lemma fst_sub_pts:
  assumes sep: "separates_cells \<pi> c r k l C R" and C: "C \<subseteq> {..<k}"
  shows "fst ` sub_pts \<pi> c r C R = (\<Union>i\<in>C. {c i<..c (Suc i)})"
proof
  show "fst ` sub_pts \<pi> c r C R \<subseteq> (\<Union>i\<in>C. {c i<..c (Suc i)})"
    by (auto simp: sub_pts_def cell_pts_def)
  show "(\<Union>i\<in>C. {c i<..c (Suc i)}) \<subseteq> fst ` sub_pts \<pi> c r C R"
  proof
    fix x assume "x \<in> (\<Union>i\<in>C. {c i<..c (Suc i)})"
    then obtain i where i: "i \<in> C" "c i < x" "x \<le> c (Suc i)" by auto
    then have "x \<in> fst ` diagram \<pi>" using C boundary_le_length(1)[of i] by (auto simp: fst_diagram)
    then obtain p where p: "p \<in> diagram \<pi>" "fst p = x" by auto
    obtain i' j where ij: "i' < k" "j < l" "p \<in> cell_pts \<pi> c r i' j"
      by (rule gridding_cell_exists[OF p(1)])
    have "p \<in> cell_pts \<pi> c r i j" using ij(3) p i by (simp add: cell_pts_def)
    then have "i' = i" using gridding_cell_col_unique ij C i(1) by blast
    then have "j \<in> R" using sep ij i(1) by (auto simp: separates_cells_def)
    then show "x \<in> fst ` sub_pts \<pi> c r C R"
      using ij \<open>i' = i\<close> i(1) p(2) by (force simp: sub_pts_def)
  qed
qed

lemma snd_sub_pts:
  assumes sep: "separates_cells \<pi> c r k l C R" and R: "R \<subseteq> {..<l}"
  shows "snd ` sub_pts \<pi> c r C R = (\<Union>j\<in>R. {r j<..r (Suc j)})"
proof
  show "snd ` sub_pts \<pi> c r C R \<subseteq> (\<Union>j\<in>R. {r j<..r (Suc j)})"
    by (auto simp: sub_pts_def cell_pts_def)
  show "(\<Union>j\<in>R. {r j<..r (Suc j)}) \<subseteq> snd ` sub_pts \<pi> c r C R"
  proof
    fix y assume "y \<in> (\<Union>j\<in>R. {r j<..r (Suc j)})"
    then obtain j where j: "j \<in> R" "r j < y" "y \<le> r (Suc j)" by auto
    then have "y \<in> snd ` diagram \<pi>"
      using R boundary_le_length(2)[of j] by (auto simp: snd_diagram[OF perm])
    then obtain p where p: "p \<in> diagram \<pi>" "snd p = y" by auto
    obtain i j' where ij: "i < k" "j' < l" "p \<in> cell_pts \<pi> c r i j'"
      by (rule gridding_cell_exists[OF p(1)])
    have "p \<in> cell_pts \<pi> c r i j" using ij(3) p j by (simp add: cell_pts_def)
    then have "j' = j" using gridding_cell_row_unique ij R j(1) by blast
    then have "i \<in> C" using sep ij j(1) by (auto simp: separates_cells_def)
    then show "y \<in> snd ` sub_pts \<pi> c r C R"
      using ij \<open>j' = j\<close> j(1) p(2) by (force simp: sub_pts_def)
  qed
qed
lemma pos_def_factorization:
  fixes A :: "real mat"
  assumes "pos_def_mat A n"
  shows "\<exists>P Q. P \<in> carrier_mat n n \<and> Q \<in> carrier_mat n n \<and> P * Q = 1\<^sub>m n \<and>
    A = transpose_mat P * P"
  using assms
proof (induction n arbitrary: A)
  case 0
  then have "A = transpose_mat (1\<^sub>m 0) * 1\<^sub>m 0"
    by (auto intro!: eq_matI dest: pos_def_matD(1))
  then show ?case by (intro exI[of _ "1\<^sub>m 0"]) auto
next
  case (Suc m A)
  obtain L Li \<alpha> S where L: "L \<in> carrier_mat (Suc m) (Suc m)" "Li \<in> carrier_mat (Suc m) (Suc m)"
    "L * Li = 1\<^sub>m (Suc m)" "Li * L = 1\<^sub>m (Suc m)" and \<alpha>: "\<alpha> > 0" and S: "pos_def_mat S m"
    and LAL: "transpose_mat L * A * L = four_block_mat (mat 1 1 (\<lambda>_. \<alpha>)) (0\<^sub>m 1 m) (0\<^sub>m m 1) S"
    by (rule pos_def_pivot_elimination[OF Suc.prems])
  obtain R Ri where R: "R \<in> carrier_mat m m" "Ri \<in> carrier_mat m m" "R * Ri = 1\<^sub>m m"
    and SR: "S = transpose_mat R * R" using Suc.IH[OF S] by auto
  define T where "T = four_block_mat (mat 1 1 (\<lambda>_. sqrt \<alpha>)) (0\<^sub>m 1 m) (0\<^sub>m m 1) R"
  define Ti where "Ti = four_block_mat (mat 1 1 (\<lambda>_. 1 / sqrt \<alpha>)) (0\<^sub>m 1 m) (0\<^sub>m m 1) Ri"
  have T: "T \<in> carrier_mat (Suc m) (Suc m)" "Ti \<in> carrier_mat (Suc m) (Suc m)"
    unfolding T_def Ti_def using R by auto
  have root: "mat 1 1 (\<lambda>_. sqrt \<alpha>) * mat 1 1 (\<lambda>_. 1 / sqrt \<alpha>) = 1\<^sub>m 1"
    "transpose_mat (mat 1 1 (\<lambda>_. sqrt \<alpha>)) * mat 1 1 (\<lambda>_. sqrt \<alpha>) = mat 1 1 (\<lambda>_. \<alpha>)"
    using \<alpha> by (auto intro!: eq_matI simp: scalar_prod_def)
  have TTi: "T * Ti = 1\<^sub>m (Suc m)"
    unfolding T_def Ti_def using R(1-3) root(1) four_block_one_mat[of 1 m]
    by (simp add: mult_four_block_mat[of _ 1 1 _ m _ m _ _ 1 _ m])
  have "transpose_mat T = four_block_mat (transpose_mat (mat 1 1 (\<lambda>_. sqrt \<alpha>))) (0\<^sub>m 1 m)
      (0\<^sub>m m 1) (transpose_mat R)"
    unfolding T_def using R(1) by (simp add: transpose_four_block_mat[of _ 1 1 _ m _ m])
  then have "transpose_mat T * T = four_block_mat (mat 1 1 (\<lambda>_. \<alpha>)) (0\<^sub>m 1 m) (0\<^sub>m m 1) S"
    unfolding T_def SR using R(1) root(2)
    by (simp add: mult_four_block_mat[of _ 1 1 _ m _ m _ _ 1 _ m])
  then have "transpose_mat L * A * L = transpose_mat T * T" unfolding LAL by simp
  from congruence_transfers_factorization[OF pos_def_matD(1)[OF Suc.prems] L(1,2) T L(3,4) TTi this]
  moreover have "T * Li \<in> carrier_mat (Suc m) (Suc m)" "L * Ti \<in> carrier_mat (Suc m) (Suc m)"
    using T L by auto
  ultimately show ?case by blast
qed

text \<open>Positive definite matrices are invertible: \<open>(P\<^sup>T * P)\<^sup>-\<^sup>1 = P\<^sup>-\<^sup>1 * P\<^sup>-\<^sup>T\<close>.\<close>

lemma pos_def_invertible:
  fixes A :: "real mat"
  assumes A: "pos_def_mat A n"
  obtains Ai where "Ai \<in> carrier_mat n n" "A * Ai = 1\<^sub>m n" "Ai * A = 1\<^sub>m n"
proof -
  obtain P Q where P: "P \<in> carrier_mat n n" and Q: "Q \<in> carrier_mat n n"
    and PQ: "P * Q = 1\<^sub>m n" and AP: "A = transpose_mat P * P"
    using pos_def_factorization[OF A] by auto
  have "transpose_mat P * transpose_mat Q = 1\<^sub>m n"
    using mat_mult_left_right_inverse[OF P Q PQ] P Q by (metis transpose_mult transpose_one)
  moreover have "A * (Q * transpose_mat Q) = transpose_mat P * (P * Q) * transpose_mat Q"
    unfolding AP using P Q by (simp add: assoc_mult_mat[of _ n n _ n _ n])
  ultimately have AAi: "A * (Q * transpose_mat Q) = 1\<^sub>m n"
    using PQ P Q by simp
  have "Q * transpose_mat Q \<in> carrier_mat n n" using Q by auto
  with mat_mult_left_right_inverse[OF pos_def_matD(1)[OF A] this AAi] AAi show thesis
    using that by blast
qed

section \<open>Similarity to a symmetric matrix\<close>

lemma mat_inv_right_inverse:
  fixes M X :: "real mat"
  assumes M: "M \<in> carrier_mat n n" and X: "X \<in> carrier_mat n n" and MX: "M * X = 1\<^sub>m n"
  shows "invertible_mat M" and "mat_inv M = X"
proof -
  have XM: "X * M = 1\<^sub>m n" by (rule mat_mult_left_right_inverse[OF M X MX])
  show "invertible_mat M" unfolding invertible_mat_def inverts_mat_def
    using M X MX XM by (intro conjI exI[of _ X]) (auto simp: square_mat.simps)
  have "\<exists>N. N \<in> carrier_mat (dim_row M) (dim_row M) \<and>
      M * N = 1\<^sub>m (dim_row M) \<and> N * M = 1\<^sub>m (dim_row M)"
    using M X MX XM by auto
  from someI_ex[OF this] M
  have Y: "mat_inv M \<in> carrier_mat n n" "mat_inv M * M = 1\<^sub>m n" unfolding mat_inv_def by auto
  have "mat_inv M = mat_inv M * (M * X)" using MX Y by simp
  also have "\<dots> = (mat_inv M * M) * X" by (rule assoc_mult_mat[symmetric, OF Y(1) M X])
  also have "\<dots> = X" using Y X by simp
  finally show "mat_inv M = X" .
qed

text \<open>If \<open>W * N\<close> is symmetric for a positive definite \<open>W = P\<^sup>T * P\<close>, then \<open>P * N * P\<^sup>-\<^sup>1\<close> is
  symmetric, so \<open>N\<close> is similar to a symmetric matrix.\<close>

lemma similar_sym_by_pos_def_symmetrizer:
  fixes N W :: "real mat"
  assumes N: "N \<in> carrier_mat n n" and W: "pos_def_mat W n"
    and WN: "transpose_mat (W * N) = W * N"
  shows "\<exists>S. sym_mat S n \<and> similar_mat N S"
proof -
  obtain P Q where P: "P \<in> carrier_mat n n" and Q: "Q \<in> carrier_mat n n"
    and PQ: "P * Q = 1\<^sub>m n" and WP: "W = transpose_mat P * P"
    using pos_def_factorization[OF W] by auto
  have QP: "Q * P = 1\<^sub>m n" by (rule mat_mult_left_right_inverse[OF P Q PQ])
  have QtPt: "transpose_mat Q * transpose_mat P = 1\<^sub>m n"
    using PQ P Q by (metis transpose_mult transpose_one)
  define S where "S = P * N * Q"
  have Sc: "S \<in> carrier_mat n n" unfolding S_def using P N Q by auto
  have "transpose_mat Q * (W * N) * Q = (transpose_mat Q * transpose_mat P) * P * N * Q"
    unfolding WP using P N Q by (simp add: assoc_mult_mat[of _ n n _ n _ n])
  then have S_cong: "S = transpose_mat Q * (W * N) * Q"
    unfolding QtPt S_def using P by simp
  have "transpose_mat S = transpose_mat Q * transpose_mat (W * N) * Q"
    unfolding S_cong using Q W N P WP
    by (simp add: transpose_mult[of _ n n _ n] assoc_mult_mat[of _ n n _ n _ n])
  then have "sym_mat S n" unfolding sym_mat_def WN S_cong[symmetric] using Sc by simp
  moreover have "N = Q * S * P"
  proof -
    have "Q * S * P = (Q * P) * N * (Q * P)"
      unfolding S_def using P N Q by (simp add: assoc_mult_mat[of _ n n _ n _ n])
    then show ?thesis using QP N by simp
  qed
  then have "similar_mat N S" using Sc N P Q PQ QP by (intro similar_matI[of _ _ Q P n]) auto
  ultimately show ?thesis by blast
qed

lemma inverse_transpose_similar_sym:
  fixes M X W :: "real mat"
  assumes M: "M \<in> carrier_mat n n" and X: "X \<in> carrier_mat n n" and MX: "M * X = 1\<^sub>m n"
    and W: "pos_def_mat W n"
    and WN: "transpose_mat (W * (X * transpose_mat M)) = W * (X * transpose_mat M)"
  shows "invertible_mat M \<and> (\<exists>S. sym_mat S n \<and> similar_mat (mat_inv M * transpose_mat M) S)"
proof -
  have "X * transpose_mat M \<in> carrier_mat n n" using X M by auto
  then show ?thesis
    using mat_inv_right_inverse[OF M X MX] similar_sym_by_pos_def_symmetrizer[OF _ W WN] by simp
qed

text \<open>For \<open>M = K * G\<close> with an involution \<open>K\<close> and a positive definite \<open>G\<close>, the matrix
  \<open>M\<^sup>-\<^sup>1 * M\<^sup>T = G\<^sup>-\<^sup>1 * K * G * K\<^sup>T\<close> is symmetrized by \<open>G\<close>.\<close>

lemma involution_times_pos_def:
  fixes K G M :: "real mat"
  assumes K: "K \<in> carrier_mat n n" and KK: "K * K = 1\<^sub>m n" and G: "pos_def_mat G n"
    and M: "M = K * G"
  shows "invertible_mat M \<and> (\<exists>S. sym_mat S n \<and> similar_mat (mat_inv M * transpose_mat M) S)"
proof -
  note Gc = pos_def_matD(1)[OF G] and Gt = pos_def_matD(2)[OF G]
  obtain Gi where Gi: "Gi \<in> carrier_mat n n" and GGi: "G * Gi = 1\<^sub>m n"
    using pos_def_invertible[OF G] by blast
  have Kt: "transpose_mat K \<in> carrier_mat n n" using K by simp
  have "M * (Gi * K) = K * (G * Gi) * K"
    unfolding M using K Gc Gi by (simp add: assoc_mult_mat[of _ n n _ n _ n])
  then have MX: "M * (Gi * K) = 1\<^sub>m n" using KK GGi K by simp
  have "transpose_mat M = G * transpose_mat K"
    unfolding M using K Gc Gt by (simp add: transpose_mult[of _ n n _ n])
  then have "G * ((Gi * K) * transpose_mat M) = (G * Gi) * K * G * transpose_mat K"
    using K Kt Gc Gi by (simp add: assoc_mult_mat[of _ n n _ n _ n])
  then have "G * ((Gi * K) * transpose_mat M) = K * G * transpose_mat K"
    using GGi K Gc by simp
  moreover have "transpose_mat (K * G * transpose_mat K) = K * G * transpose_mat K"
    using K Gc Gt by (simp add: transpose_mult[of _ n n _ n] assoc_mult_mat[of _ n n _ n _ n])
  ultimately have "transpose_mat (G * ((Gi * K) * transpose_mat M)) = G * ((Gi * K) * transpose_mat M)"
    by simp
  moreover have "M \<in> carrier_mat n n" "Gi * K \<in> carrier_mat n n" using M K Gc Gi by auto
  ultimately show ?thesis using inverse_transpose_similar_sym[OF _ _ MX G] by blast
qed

********************

**Problem details**. A line belongs in the answer if it contains the word "define"; please copy each such line from the material.

**Solution**.
  define T where "T = four_block_mat (mat 1 1 (\<lambda>_. sqrt \<alpha>)) (0\<^sub>m 1 m) (0\<^sub>m m 1) R"
  define Ti where "Ti = four_block_mat (mat 1 1 (\<lambda>_. 1 / sqrt \<alpha>)) (0\<^sub>m 1 m) (0\<^sub>m m 1) Ri"
  define S where "S = P * N * Q"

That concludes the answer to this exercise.